When you lose an input phase on the supply side, the bridge rectifier continues to convert AC current to DC current through 4 of the diodes instead of the optimum 6 diodes. This results in DC current continuing to be supplied to the IGBT section. However, the bridge rectifier may now be under further duress and may overheat. There may also be significant DC bus ripple and the danger of overheating the DC bus capacitors. But, once the IGBT section still has sufficient current available to it, it will continue to regulate the voltage and frequency output to the motor coil. All this excess heat will continue once the load is maintained at its original current values. This will in time fatigue the drive components and likely shorten its life.

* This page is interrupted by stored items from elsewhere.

lemma energy_Suc_le: "energy (Suc n) \<le> energy n"
proof -
  define mu where "mu = (1 - \<gamma>) \<cdot>\<^sub>v lam n + \<gamma> \<cdot>\<^sub>v lam (Suc n)"
  define y where "y i = C i *\<^sub>v ((1 - \<gamma>) \<cdot>\<^sub>v d i n + \<gamma> \<cdot>\<^sub>v d i (Suc n))" for i
  have step: "d i (Suc n) \<bullet> (M i *\<^sub>v d i (Suc n)) - d i n \<bullet> (M i *\<^sub>v d i n) \<le> 2 * dt * (mu \<bullet> y i)"
    if i: "i < S" for i
    unfolding mu_def y_def
    using trapezoidal_energy_step[OF M_pd[OF i] K_psd[OF i] C_dim[OF i] d_dim[OF i] v_dim[OF i]
        v_dim[OF i] lam_dim lam_dim eq_motion[OF i] eq_motion[OF i] _ dt_pos gamma(1)]
      eq_trap[OF i, of "Suc n"]
    by simp
  have "y i $ r = (1 - \<gamma>) * (C i *\<^sub>v d i n) $ r + \<gamma> * (C i *\<^sub>v d i (Suc n)) $ r"
    if "i < S" "r < p" for i r
    using that C_dim[OF that(1)] d_dim[OF that(1)] unfolding y_def
    by (simp add: mult_add_distrib_mat_vec mult_mat_vec)
  then have "(\<Sum>i<S. y i $ r) = 0" if "r < p" for r
    using eq_constraint[OF that] that by (simp add: sum.distrib flip: sum_distrib_left)
  moreover have "y i \<in> carrier_vec p" if "i < S" for i
    using C_dim[OF that] unfolding y_def carrier_vec_def by simp
  ultimately have "(\<Sum>i<S. mu \<bullet> y i) = 0" by (intro sum_scalar_prod_eq_0) auto
  moreover have "energy (Suc n) - energy n \<le> (\<Sum>i<S. 2 * dt * (mu \<bullet> y i))"
    unfolding energy_def sum_subtractf[symmetric] by (rule sum_mono) (use step in auto)
  ultimately show ?thesis by (simp flip: sum_distrib_left)
qed

lemma energy_le_initial: "energy n \<le> energy 0"
  by (induction n) (auto intro: order_trans[OF energy_Suc_le])

lemma d_bounded: "i < S \<Longrightarrow> bounded_vec_seq (m i) (d i)"
proof (rule bounded_vec_seqI)
  fix i j assume i: "i < S" and j: "j < m i"
  obtain c where c: "\<And>x. x \<in> carrier_vec (m i) \<Longrightarrow> \<bar>x $ j\<bar> \<le> c + x \<bullet> (M i *\<^sub>v x)"
    using pos_def_mat_coord_bound[OF M_pd[OF i] j] by blast
  have "d i n \<bullet> (M i *\<^sub>v d i n) \<le> energy n" for n
    unfolding energy_def using i pos_def_mat_quad_nonneg[OF M_pd d_dim]
    by (intro member_le_sum) auto
  then have "\<bar>d i n $ j\<bar> \<le> c + energy 0" for n
    using c[OF d_dim[OF i]] energy_le_initial[of n] by (smt (verit))
  then show "\<exists>B. \<forall>n. \<bar>d i n $ j\<bar> \<le> B" by blast
qed

lemma v_bounded: "i < S \<Longrightarrow> bounded_vec_seq (m i) (v i)"
proof (rule bounded_vec_seqI)
  fix i j assume i: "i < S" and j: "j < m i"
  obtain D where D: "\<And>n. \<bar>d i n $ j\<bar> \<le> D" using bounded_vec_seqE[OF d_bounded[OF i]] j by metis
  define w where "w n = (d i (Suc n) $ j - d i n $ j) / dt" for n
  have "\<gamma> * v i (Suc n) $ j + (1 - \<gamma>) * v i n $ j = w n" for n
  proof -
    have "d i (Suc n) $ j = d i n $ j + dt * ((1 - \<gamma>) * v i n $ j + \<gamma> * v i (Suc n) $ j)"
      using arg_cong[OF eq_trap[OF i, of "Suc n"], of "\<lambda>z. z $ j"] j
        carrier_vecD[OF d_dim[OF i]] carrier_vecD[OF v_dim[OF i]]
      by simp
    with dt_pos show ?thesis unfolding w_def by (simp add: field_simps)
  qed
  moreover have "\<bar>w n\<bar> \<le> 2 * D / dt" for n
  proof -
    have "\<bar>d i (Suc n) $ j - d i n $ j\<bar> \<le> 2 * D" using D[of n] D[of "Suc n"] by linarith
    with dt_pos show ?thesis unfolding w_def by (simp add: abs_divide divide_right_mono)
  qed
  ultimately show "\<exists>B. \<forall>n. \<bar>v i n $ j\<bar> \<le> B"
    using weighted_recursion_abs_bound[OF gamma, of "\<lambda>n. v i n $ j" w "2 * D / dt"] by blast
qed

lemma lam_bounded: "bounded_vec_seq p lam"
proof -
  define L where "L = concat (map (\<lambda>i. cols (C i)) [0..<S])"
  have L: "set L \<subseteq> carrier_vec p"
  proof
    fix u assume "u \<in> set L"
    then obtain i where i: "i < S" and u: "u \<in> set (cols (C i))" unfolding L_def by auto
    show "u \<in> carrier_vec p" using cols_dim[of "C i"] u carrier_matD(1)[OF C_dim[OF i]] by auto
  qed
  have B: "block_row p S C \<in> carrier_mat p (length L)" and cols_B: "cols (block_row p S C) = L"
    using L unfolding block_row_def L_def[symmetric] by auto
  have "\<exists>B. \<forall>n. \<bar>col (C i) c \<bullet> lam n\<bar> \<le> B" if i: "i < S" and c: "c < m i" for i c
  proof -
    have "bounded_vec_seq (m i) (\<lambda>n. M i *\<^sub>v v i n + K i *\<^sub>v d i n)"
      using M_pd[OF i] K_psd[OF i] v_dim[OF i] d_dim[OF i] v_bounded[OF i] d_bounded[OF i]
      unfolding pos_def_mat_def pos_semidef_mat_def
      by (intro bounded_vec_seq_add bounded_vec_seq_mult_mat_vec) auto
    then obtain B where B: "\<And>n j. j < m i \<Longrightarrow> \<bar>(M i *\<^sub>v v i n + K i *\<^sub>v d i n) $ j\<bar> \<le> B"
      using bounded_vec_seqE by blast
    have "col (C i) c \<bullet> lam n = (M i *\<^sub>v v i n + K i *\<^sub>v d i n) $ c" for n
      unfolding eq_motion[OF i] using C_dim[OF i] c by simp
    with B[OF c] show ?thesis by metis
  qed
  moreover have "\<exists>i c. i < S \<and> c < m i \<and> u = col (C i) c" if "u \<in> set L" for u
    using that C_dim unfolding L_def cols_def by fastforce
  ultimately have "\<exists>B. \<forall>n. \<bar>u \<bullet> lam n\<bar> \<le> B" if "u \<in> set L" for u
    using that by blast
  then show ?thesis
    using bounded_vec_seq_of_full_row_rank[OF B C_rank[unfolded mat_rank_def], of lam] lam_dim
    unfolding cols_B by blast
qed

end

theorem mainTheorem2:
  fixes S p :: nat and m :: "nat \<Rightarrow> nat"
    and M K C :: "nat \<Rightarrow> real mat"
    and dt \<gamma> :: real
    and d v :: "nat \<Rightarrow> nat \<Rightarrow> real vec"
    and lam :: "nat \<Rightarrow> real vec"
  assumes S_pos: "S \<ge> 1"
    and M_pd: "\<And>i. i < S \<Longrightarrow> pos_def_mat (m i) (M i)"
    and K_psd: "\<And>i. i < S \<Longrightarrow> pos_semidef_mat (m i) (K i)"
    and C_dim: "\<And>i. i < S \<Longrightarrow> C i \<in> carrier_mat p (m i)"
    and C_sb: "\<And>i. i < S \<Longrightarrow> signed_boolean_mat (C i)"
    and C_rank: "mat_rank p (block_row p S C) = p"
    and dt_pos: "dt > 0"
    and gamma: "1/2 < \<gamma>" "\<gamma> \<le> 1"
    and d_dim: "\<And>i n. i < S \<Longrightarrow> d i n \<in> carrier_vec (m i)"
    and v_dim: "\<And>i n. i < S \<Longrightarrow> v i n \<in> carrier_vec (m i)"
    and lam_dim: "\<And>n. lam n \<in> carrier_vec p"
    and eq_motion: "\<And>i n. i < S \<Longrightarrow>
        M i *\<^sub>v v i n + K i *\<^sub>v d i n = transpose_mat (C i) *\<^sub>v lam n"
    and eq_constraint: "\<And>n r. r < p \<Longrightarrow> (\<Sum>i<S. (C i *\<^sub>v d i n) $ r) = 0"
    and eq_trap: "\<And>i n. i < S \<Longrightarrow> n \<ge> 1 \<Longrightarrow>
        d i n = d i (n - 1) + dt \<cdot>\<^sub>v ((1 - \<gamma>) \<cdot>\<^sub>v v i (n - 1) + \<gamma> \<cdot>\<^sub>v v i n)"
  shows "(\<forall>i < S. bounded_vec_seq (m i) (d i) \<and> bounded_vec_seq (m i) (v i))
         \<and> bounded_vec_seq p lam"
proof -
  interpret d_continuity_scheme S p m M K C dt \<gamma> d v lam
    using M_pd K_psd C_dim C_rank dt_pos gamma d_dim v_dim lam_dim eq_motion eq_constraint eq_trap
    by unfold_locales
  show ?thesis using d_bounded v_bounded lam_bounded by blast
qed

end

This is why we derate the permissible output current where only a single phase supply is available for a normally 3 phase supply VFD i.e. less load, less heat, less stress. This single phase loss on the supply side, while potentially causing significant duress within the drive supply and power components, will not adversely affect the resultant current being produced by the IGBT output.

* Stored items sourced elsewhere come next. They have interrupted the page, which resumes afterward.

lemma hypergeometric_coeff_eq_sum:
  fixes a :: "'a::field_char_0"
  assumes "a \<notin> \<int>"
  shows "pochhammer (- of_nat r) s * pochhammer (- of_nat r - a) s / (pochhammer (1 - a) s * fact s)
     = pochhammer a (Suc r) / fact r
       * (\<Sum>j\<le>r. of_nat (r choose s) * of_nat (r choose j) * (-1) ^ (s + j) / (a - of_nat s + of_nat j))"
proof -
  have shifted_nz: "pochhammer (a - of_nat s) (Suc r) \<noteq> 0"
    using add_of_int_not_Ints_neq_0[OF assms, of "int k - int s" for k]
    by (auto simp: pochhammer_eq_0_iff algebra_simps)
  have reflected_nz: "pochhammer (1 - a) s \<noteq> 0"
    using add_of_int_not_Ints_neq_0[OF assms, of "- int k - 1" for k]
    by (auto simp: pochhammer_eq_0_iff algebra_simps)
  have "pochhammer (- of_nat r - a) s / pochhammer (1 - a) s = pochhammer a (Suc r) / pochhammer (a - of_nat s) (Suc r)"
    using pochhammer_shift_exchange[of a s r] shifted_nz reflected_nz by (simp add: field_simps)
  also have "\<dots> = pochhammer a (Suc r) / fact r * (\<Sum>j\<le>r. of_nat (r choose j) * (-1) ^ j / (a - of_nat s + of_nat j))"
    using sum_alternating_choose_divide[OF shifted_nz] shifted_nz by simp
  finally have ratio: "pochhammer (- of_nat r - a) s / pochhammer (1 - a) s = \<dots>" .
  have sign: "pochhammer (- of_nat r) s / fact s = (-1) ^ s * (of_nat (r choose s) :: 'a)"
    by (simp add: binomial_gbinomial gbinomial_pochhammer)
  have "pochhammer (- of_nat r) s * pochhammer (- of_nat r - a) s / (pochhammer (1 - a) s * fact s)
      = pochhammer (- of_nat r) s / fact s * (pochhammer (- of_nat r - a) s / pochhammer (1 - a) s)"
    by simp
  also have "\<dots> = pochhammer a (Suc r) / fact r
      * ((-1) ^ s * of_nat (r choose s) * (\<Sum>j\<le>r. of_nat (r choose j) * (-1) ^ j / (a - of_nat s + of_nat j)))"
    unfolding ratio sign by (simp only: mult_ac)
  also have "\<dots> = pochhammer a (Suc r) / fact r
      * (\<Sum>j\<le>r. of_nat (r choose s) * of_nat (r choose j) * (-1) ^ (s + j) / (a - of_nat s + of_nat j))"
    by (simp add: sum_distrib_left power_add mult_ac)
  finally show ?thesis .
qed

lemma has_integral_exp_i_mult:
  fixes c :: real
  assumes "c \<noteq> 0"
  shows "((\<lambda>\<theta>. exp (\<i> * of_real (c * \<theta>))) has_integral of_real (2 * sin (c * pi) / c)) {-pi..pi}"
proof -
  define G where "G z = exp (\<i> * of_real c * z) / (\<i> * of_real c)" for z :: complex
  define F where "F = G \<circ> of_real"
  have "(F has_vector_derivative exp (\<i> * of_real (c * t))) (at t within {-pi..pi})" for t
    unfolding F_def
  proof (rule has_complex_derivative_imp_has_vector_derivative)
    show "(G has_field_derivative exp (\<i> * of_real (c * t)))
        (at (of_real t) within cbox (of_real (-pi)) (of_real pi))"
      unfolding G_def using assms by (auto intro!: derivative_eq_intros simp: field_simps)
  qed
  then have "((\<lambda>\<theta>. exp (\<i> * of_real (c * \<theta>))) has_integral F pi - F (-pi)) {-pi..pi}"
    by (intro fundamental_theorem_of_calculus) auto
  moreover have "F pi - F (-pi) = of_real (2 * sin (c * pi) / c)"
  proof -
    have "F pi - F (-pi) = (exp (\<i> * of_real (c * pi)) - exp (- (\<i> * of_real (c * pi)))) / (\<i> * of_real c)"
      unfolding F_def G_def by (simp add: diff_divide_distrib mult.assoc)
    also have "\<dots> = 2 * sin (of_real (c * pi)) / of_real c"
      using assms by (simp add: sin_exp_eq field_simps)
    finally show ?thesis
      by (simp flip: sin_of_real)
  qed
  ultimately show ?thesis by simp
qed

lemma has_integral_exp_i_of_int:
  fixes k :: int
  shows "((\<lambda>\<theta>. exp (\<i> * of_real (of_int k * \<theta>))) has_integral (if k = 0 then 2 * pi else 0)) {-pi..pi}"
proof (cases "k = 0")
  case True
  then show ?thesis
    using has_integral_const_real[of "1 :: complex" "-pi" pi] by (simp add: scaleR_conv_of_real)
next
  case False
  then show ?thesis
    using has_integral_exp_i_mult[of "of_int k"] sin_zero_iff_int2[of "of_int k * pi"] by simp
qed

lemma has_integral_norm_trig_poly_squared:
  fixes c :: "int \<Rightarrow> complex"
  assumes "finite K"
  shows "((\<lambda>\<theta>. cmod (\<Sum>k\<in>K. c k * exp (\<i> * of_real (of_int k * \<theta>))) ^ 2)
           has_integral 2 * pi * (\<Sum>k\<in>K. cmod (c k) ^ 2)) {-pi..pi}"
proof -
  define e where "e k \<theta> = exp (\<i> * of_real (of_int k * \<theta>))" for k :: int and \<theta> :: real
  have e_mult_cnj: "e k \<theta> * cnj (e l \<theta>) = e (k - l) \<theta>" for k l \<theta>
    unfolding e_def exp_cnj by (simp add: exp_add[symmetric] algebra_simps)
  have "of_real (cmod (\<Sum>k\<in>K. c k * e k \<theta>) ^ 2) = (\<Sum>k\<in>K. \<Sum>l\<in>K. c k * cnj (c l) * e (k - l) \<theta>)"
    for \<theta>
    unfolding complex_norm_square cnj_sum sum_product
    by (intro sum.cong refl) (simp add: e_mult_cnj[symmetric] mult_ac)
  moreover have "((\<lambda>\<theta>. \<Sum>k\<in>K. \<Sum>l\<in>K. c k * cnj (c l) * e (k - l) \<theta>) has_integral
      (\<Sum>k\<in>K. \<Sum>l\<in>K. c k * cnj (c l) * of_real (if k - l = 0 then 2 * pi else 0))) {-pi..pi}"
    unfolding e_def
    by (intro has_integral_sum assms has_integral_mult_right has_integral_exp_i_of_int)
  moreover have "(\<Sum>k\<in>K. \<Sum>l\<in>K. c k * cnj (c l) * of_real (if k - l = 0 then 2 * pi else 0))
      = of_real (2 * pi * (\<Sum>k\<in>K. cmod (c k) ^ 2))"
    using assms complex_norm_square by (simp add: if_distrib sum_distrib_left mult_ac cong: if_cong)
  ultimately have "((\<lambda>\<theta>. complex_of_real (cmod (\<Sum>k\<in>K. c k * e k \<theta>) ^ 2))
      has_integral of_real (2 * pi * (\<Sum>k\<in>K. cmod (c k) ^ 2))) {-pi..pi}"
    by simp
  from has_integral_linear[OF this bounded_linear_Re] show ?thesis
    by (simp add: o_def e_def)
qed

definition Z_factor :: "complex \<Rightarrow> real \<Rightarrow> complex" where
  "Z_factor w \<theta> = (1 + exp (\<i> * of_real \<theta>)) * (1 + w * exp (- (\<i> * of_real \<theta>)))"

lemma Z_factor_eq_trig_poly:
  "Z_factor w \<theta> = (1 + w) + exp (\<i> * of_real \<theta>) + w * exp (- (\<i> * of_real \<theta>))"
  unfolding Z_factor_def by (simp add: algebra_simps flip: exp_add)

lemma norm_Z_factor_le:
  assumes "cmod w = 1"
  shows "cmod (Z_factor w \<theta>) \<le> cmod (1 + w) + 2"
proof -
  have "cmod (Z_factor w \<theta>)
      \<le> cmod (1 + w) + cmod (exp (\<i> * of_real \<theta>)) + cmod (w * exp (- (\<i> * of_real \<theta>)))"
    unfolding Z_factor_eq_trig_poly by (meson norm_triangle_ineq order_trans add_mono order_refl)
  then show ?thesis
    using assms by (simp add: norm_mult)
qed

lemma has_integral_norm_Z_factor_squared:
  assumes "cmod w = 1"
  shows "((\<lambda>\<theta>. cmod (Z_factor w \<theta>) ^ 2) has_integral 2 * pi * (cmod (1 + w) ^ 2 + 2)) {-pi..pi}"
proof -
  define c where "c k = (if k = -1 then w else if k = 0 then 1 + w else 1)" for k :: int
  have "Z_factor w \<theta> = (\<Sum>k\<in>{-1, 0, 1}. c k * exp (\<i> * of_real (of_int k * \<theta>)))" for \<theta>
    unfolding Z_factor_eq_trig_poly by (simp add: c_def exp_minus algebra_simps)
  moreover have "(\<Sum>k\<in>{-1, 0, 1}. cmod (c k) ^ 2) = cmod (1 + w) ^ 2 + 2"
    using assms by (simp add: c_def)
  ultimately show ?thesis
    using has_integral_norm_trig_poly_squared[of "{-1, 0, 1}" c] by simp
qed

lemma exp_mult_Z_factor_power_expand:
  "exp (\<i> * of_real (\<alpha> * \<theta>)) * Z_factor w \<theta> ^ r
     = (\<Sum>s\<le>r. \<Sum>j\<le>r. of_nat (r choose s) * of_nat (r choose j) * w ^ s
          * exp (\<i> * of_real ((\<alpha> - real s + real j) * \<theta>)))"
proof -
  let ?e = "exp (\<i> * of_real \<theta>)" and ?e' = "exp (- (\<i> * of_real \<theta>))"
  have exp_split:
    "exp (\<i> * of_real ((\<alpha> - real s + real j) * \<theta>)) = exp (\<i> * of_real (\<alpha> * \<theta>)) * ?e ^ j * ?e' ^ s"
    for s j
    by (simp add: algebra_simps flip: exp_add exp_of_nat_mult)
  have binomial: "(1 + x) ^ r = (\<Sum>k\<le>r. of_nat (r choose k) * x ^ k)" for x :: complex
    using binomial_ring[of x 1 r] by (simp add: add.commute)
  show ?thesis
    unfolding Z_factor_def power_mult_distrib binomial exp_split sum_distrib_left sum_distrib_right
    by (intro sum.cong refl) (simp add: power_mult_distrib mult_ac)
qed

definition X_poly :: "real \<Rightarrow> nat \<Rightarrow> complex \<Rightarrow> complex" where
  "X_poly \<alpha> r w = (\<Sum>s\<le>r. pochhammer (- of_nat r) s * pochhammer (- of_nat r - of_real \<alpha>) s
      / (pochhammer (1 - of_real \<alpha>) s * fact s) * w ^ s)"

lemma Xnr_eq_X_poly: "Xnr n r w = X_poly (1 / real n) r w"
  unfolding Xnr_def X_poly_def by simp

definition X_partial_fractions :: "real \<Rightarrow> nat \<Rightarrow> complex \<Rightarrow> complex" where
  "X_partial_fractions \<alpha> r w = (\<Sum>s\<le>r. \<Sum>j\<le>r. of_nat (r choose s) * of_nat (r choose j) * (-1) ^ (s + j)
      / (of_real \<alpha> - of_nat s + of_nat j) * w ^ s)"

And again, the Overload Fault for these drives will not detect such a phase loss on the supply side as the motor side current, which the fault monitors, is continuing to be supplied and regulated by the IGBT. The very design of the bridge rectifiers for the supply section is exactly how and why we are able to run a 3 phase motor off a single phase supply without issue (once either derating is applied or a single phase supply VFD model is being used).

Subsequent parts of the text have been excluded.